TPG: Do you see PKI continuing to be a big part of security infrastructure?
CC: I think there are two big potential disrupters: blockchain and quantum computing.
Blockchain catapulted onto the scene a few years ago and new applications beyond cryptocurrency pop up every day. Fundamentally, the technology allows for a digital signature-like function without reliance on PKI. Undoubtedly the security for certain applications will migrate from PKI to blockchain in the coming years, but blockchain is not a panacea and there are many things that only PKI can do, or PKI can do better.
The other big disrupter is quantum computing. Projections show that between 2028 and 2035, quantum computers will be sufficiently powerful to crack RSA Encryption keys, the most common keys used in PKI today. If the complex math problems that relate a private key to a public key can be solved quickly, knowledge of someone’s public key allows a hacker to compute the corresponding private key. NIST is currently working on standards for new PKI ciphers like NTRU that are immune to quantum computing and expects to have them available in 2022. This leaves a narrow window to update all the PKI across the entire Internet.
One interesting scenario is to begin the process now to migrate software update security to blockchain. If the integrity of a software update can be validated using blockchain rather than a digital certificate, then we have a secure path to patch systems starting in 2022 with new quantum-resistant ciphers as they become available.
TPG: You have more than 20 patents and 200 academic publications.

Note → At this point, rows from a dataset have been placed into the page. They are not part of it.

lemma strong_tournament_hull_number:
  assumes T: "tournament V A" and "strongly_connected V A" "card V \<ge> 2" and J: "J = Ig \<or> J = IP3"
  shows "hull_number J V A = 2"
proof -
  have arcs: "A \<subseteq> V \<times> V" and "finite V" using T unfolding tournament_def by blast+
  obtain a b where "(a, b) \<in> A" and hull: "convex_hull IP3 V A {a, b} = V"
    using strong_tournament_IP3_hull_pair[OF assms(1-3)] .
  then have ab: "{a, b} \<subseteq> V" using arcs by blast
  have "convex IP3 V A (convex_hull Ig V A {a, b})"
    using convex_Ig_imp_convex_IP3[OF arcs tournament_asym[OF T] convex_convex_hull[OF well_formed_Ig ab]] .
  then have "V \<subseteq> convex_hull Ig V A {a, b}"
    using hull convex_hull_minimal[OF _ subset_convex_hull] by metis
  then have "hull_set Ig V A {a, b}" "hull_set IP3 V A {a, b}"
    unfolding hull_set_def using hull ab convex_hull_subset_vertices[OF well_formed_Ig ab] by auto
  moreover have "\<forall>u\<in>V. Ig V A u u = {u}" by (simp add: Ig_self)
  moreover have "\<forall>u\<in>V. IP3 V A u u = {u}" using IP3_self[OF tournament_asym[OF T]] by blast
  ultimately have "hull_number Ig V A = 2" "hull_number IP3 V A = 2"
    using hull_number_eq_2[OF well_formed_Ig _ \<open>finite V\<close> assms(3)]
      hull_number_eq_2[OF well_formed_IP3 _ \<open>finite V\<close> assms(3)] by blast+
  then show ?thesis using J by blast
qed
lemma restrict_Uv_hier_rhs:
  assumes "1 \<le> j"
  shows "restrict_vars is_Uv (hier_rhs j) = dconst ((-1) ^ j) * U (2 * j)"
proof -
  have "2 * alpha_d j * ((-1) ^ (2 * j - 1) * - (\<kappa> ^ Suc (2 * j - 1))) = (-1) ^ j"
    using assms two_alpha_\<kappa>_power[OF assms] by simp
  then show ?thesis
    using assms by (simp add: hier_rhs_def restrict_vars_dconst_mult restrict_Uv_Dx restrict_Uv_vder_r_Yd
        Dx_dconst_mult mult.assoc [symmetric] flip: dconst_mult)
qed

lemma restrict_Rv_pd_Uv0_hier_rhs:
  assumes "1 \<le> j"
  shows "restrict_vars is_Rv (pderiv_d (Uv 0) (hier_rhs j)) = 0"
  using assms by (simp add: hier_rhs_def pd_dconst_mult restrict_vars_dconst_mult pd_Dx_Uv0 restrict_Rv_Dx
      restrict_Rv_pd_Uv0_vder_r_Yd)

lemma restrict_Uv_pd_Rv0_dt_mass:
  assumes "1 \<le> j"
  shows "restrict_vars is_Uv (pderiv_d (Rv 0) (dt_mass j)) = dconst (- \<i> * (-1) ^ j) * U (2 * j)"
proof -
  have "pderiv_d (Rv 0) (conj_d (ut_d j)) = conj_d (pderiv_d (Uv 0) (ut_d j))"
    by (simp add: conj_pd)
  then have "restrict_vars is_Uv (pderiv_d (Rv 0) (conj_d (ut_d j))) = 0"
    using restrict_Rv_pd_Uv0_hier_rhs[OF assms]
    by (simp add: ut_d_def pd_dconst_mult restrict_vars_dconst_mult flip: conj_restrict_Rv)
  then have "restrict_vars is_Uv (pderiv_d (Rv 0) (dt_mass j)) = restrict_vars is_Uv (ut_d j)"
    by (simp add: dt_mass_def pd_add pd_mult restrict_vars_add restrict_vars_mult)
  then show ?thesis
    using restrict_Uv_hier_rhs[OF assms]
    by (simp add: ut_d_def restrict_vars_dconst_mult mult.assoc [symmetric] flip: dconst_mult)
qed

lemma restrict_Uv_pd_Rv0_mass_flux:
  assumes "1 \<le> j"
  obtains c where "restrict_vars is_Uv (pderiv_d (Rv 0) (mass_flux j))
      = dconst (- \<i> * (-1) ^ j) * U (2 * j - 1) + dconst c"
proof -
  define X where "X = restrict_vars is_Uv (pderiv_d (Rv 0) (mass_flux j))"
  have "Dx X = restrict_vars is_Uv (pderiv_d (Rv 0) (dt_mass j))"
    by (simp add: X_def Dx_mass_flux[OF assms] flip: restrict_Uv_Dx pd_Dx_Rv0)
  also have "\<dots> = Dx (dconst (- \<i> * (-1) ^ j) * U (2 * j - 1))"
    using assms by (simp add: restrict_Uv_pd_Rv0_dt_mass Dx_dconst_mult)
  finally have "Dx (X - dconst (- \<i> * (-1) ^ j) * U (2 * j - 1)) = 0"
    by (simp add: Dx_diff)
  then have "X - dconst (- \<i> * (-1) ^ j) * U (2 * j - 1) = dconst (Poly_Mapping.lookup
      (X - dconst (- \<i> * (-1) ^ j) * U (2 * j - 1)) 0)"
    by (rule Dx_eq_0_imp_dconst)
  then show ?thesis
    by (intro that[of "Poly_Mapping.lookup (X - dconst (- \<i> * (-1) ^ j) * U (2 * j - 1)) 0"])
      (simp add: X_def algebra_simps)
qed

lemma restrict_Uv_gG: "restrict_vars is_Uv (gG k) = (if k = 0 then 1 else 0)"
  by (induction k) (simp_all add: restrict_vars_diff restrict_vars_mult restrict_Uv_Dx)

lemma restrict_Uv_pd_Rv0_gG:
  "restrict_vars is_Uv (pderiv_d (Rv 0) (gG k)) = (if k = 0 then 0 else dconst (- \<i>) * U (k - 1))"
proof (induction k)
  case (Suc k)
  have "restrict_vars is_Uv (pderiv_d (Rv 0) (gG (Suc k))) =
      Dx (restrict_vars is_Uv (pderiv_d (Rv 0) (gG k))) - dconst \<i> * U 0 * restrict_vars is_Uv (gG k)"
    by (simp add: pd_diff pd_mult pd_add pd_Dx_Rv0 restrict_vars_diff restrict_vars_add restrict_vars_mult
        restrict_Uv_Dx restrict_Uv_gG)
  then show ?case
    using Suc.IH by (cases k) (simp_all add: restrict_Uv_gG dconst_uminus Dx_dconst_mult Dx_uminus
        del: gG.simps)
qed simp

lemma restrict_Uv_pd_Rv0_gauge_sum:
  "restrict_vars is_Uv (pderiv_d (Rv 0)
      (\<Sum>k\<in>{1..n}. dconst (of_nat (n choose k)) * gG k * dvarp (Uv (n - k)))) =
    dconst (- \<i>) * (\<Sum>k\<in>{1..n}. of_nat (n choose k) * (U (k - 1) * U (n - k)))"
  unfolding pd_sum restrict_vars_sum sum_distrib_left
  by (rule sum.cong) (auto simp: pd_mult restrict_vars_mult restrict_Uv_pd_Rv0_gG mult_ac)

section \<open>Coefficients of the bad monomials\<close>

definition pair_mono :: "nat \<Rightarrow> nat \<Rightarrow> dmono" where
  "pair_mono a b = Poly_Mapping.single (Uv a) 1 + Poly_Mapping.single (Uv b) 1"

lemma coeff_bad_mono:
  "coeff_d p (bad_mono j l) = Poly_Mapping.lookup (restrict_vars is_Uv (pderiv_d (Rv 0) p)) (pair_mono (2 * j - 1 - l) l)"
proof -
  have "bad_mono j l = pair_mono (2 * j - 1 - l) l + Poly_Mapping.single (Rv 0) 1"
    by (simp add: bad_mono_def pair_mono_def add_ac)
  moreover have "Poly_Mapping.lookup (pair_mono (2 * j - 1 - l) l) (Rv 0) = 0"
    by (simp add: pair_mono_def lookup_add lookup_single)
  moreover have "\<forall>x\<in>Poly_Mapping.keys (pair_mono (2 * j - 1 - l) l). is_Uv x"
    by (auto simp: pair_mono_def keys_add_dmono)
  ultimately show ?thesis
    by (simp add: coeff_d_def lookup_restrict_vars lookup_pd)
qed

What is one that you’re especially proud of?
CC: My patents, publications, and Internet standards have all been a team effort supported by my colleagues and students. Some of my most notable contributions have included creating the first public-key encryption scheme that uses a biometric fingerprint as the private key, establishing the first threat model for attacking artificial intelligence algorithms used to control cognitive radios, and more recently the foundational publications on using deep learning techniques to perform signal processing much more efficiently than all the algorithms conceived over the past century of radio engineering.
TPG: As an avid entrepreneur, tell us a bit about your startups.
CC: Over the past several years I have had the opportunity to take innovative research happening at Virginia Tech and spin it out into companies that can advance the technology into commercial products.
My first startup, Optio Labs, developed a hardened version of Android that met all the military security requirements for storing and processing classified data, and was used to create the only Android device ever approved for classified communications. While it solved an important problem, the market for such devices was too small to make a profitable, sustainable company. Lots of lessons learned along the way.
Federated Wireless launched in 2012 with the goal of enabling spectrum sharing between military radars in the 3.5 GHz band and commercial wireless operators. Seven long years later, the FCC gave final approval to take the system operational in April 2019. Federated Wireless is now the cornerstone of enabling shared spectrum and as both US and international regulators begin looking at spectrum sharing in other bands, the company has a bright future in front of it.
HawkEye 360 was formed in 2015 and in December 2018, launched its first three satellites into orbit on a SpaceX Falcon 9 rocket. These satellites are equipped with software-defined radios that detect, identify, and localize wireless transmissions from the earth. They are able to quickly track down sources of interference, geolocate transponder beacons, and provide unique insights into markets like maritime shipping and logistics. Six more satellites are expected to be launched in the next year, which will allow the company to observe more parts of the earth simultaneously and reduce response times.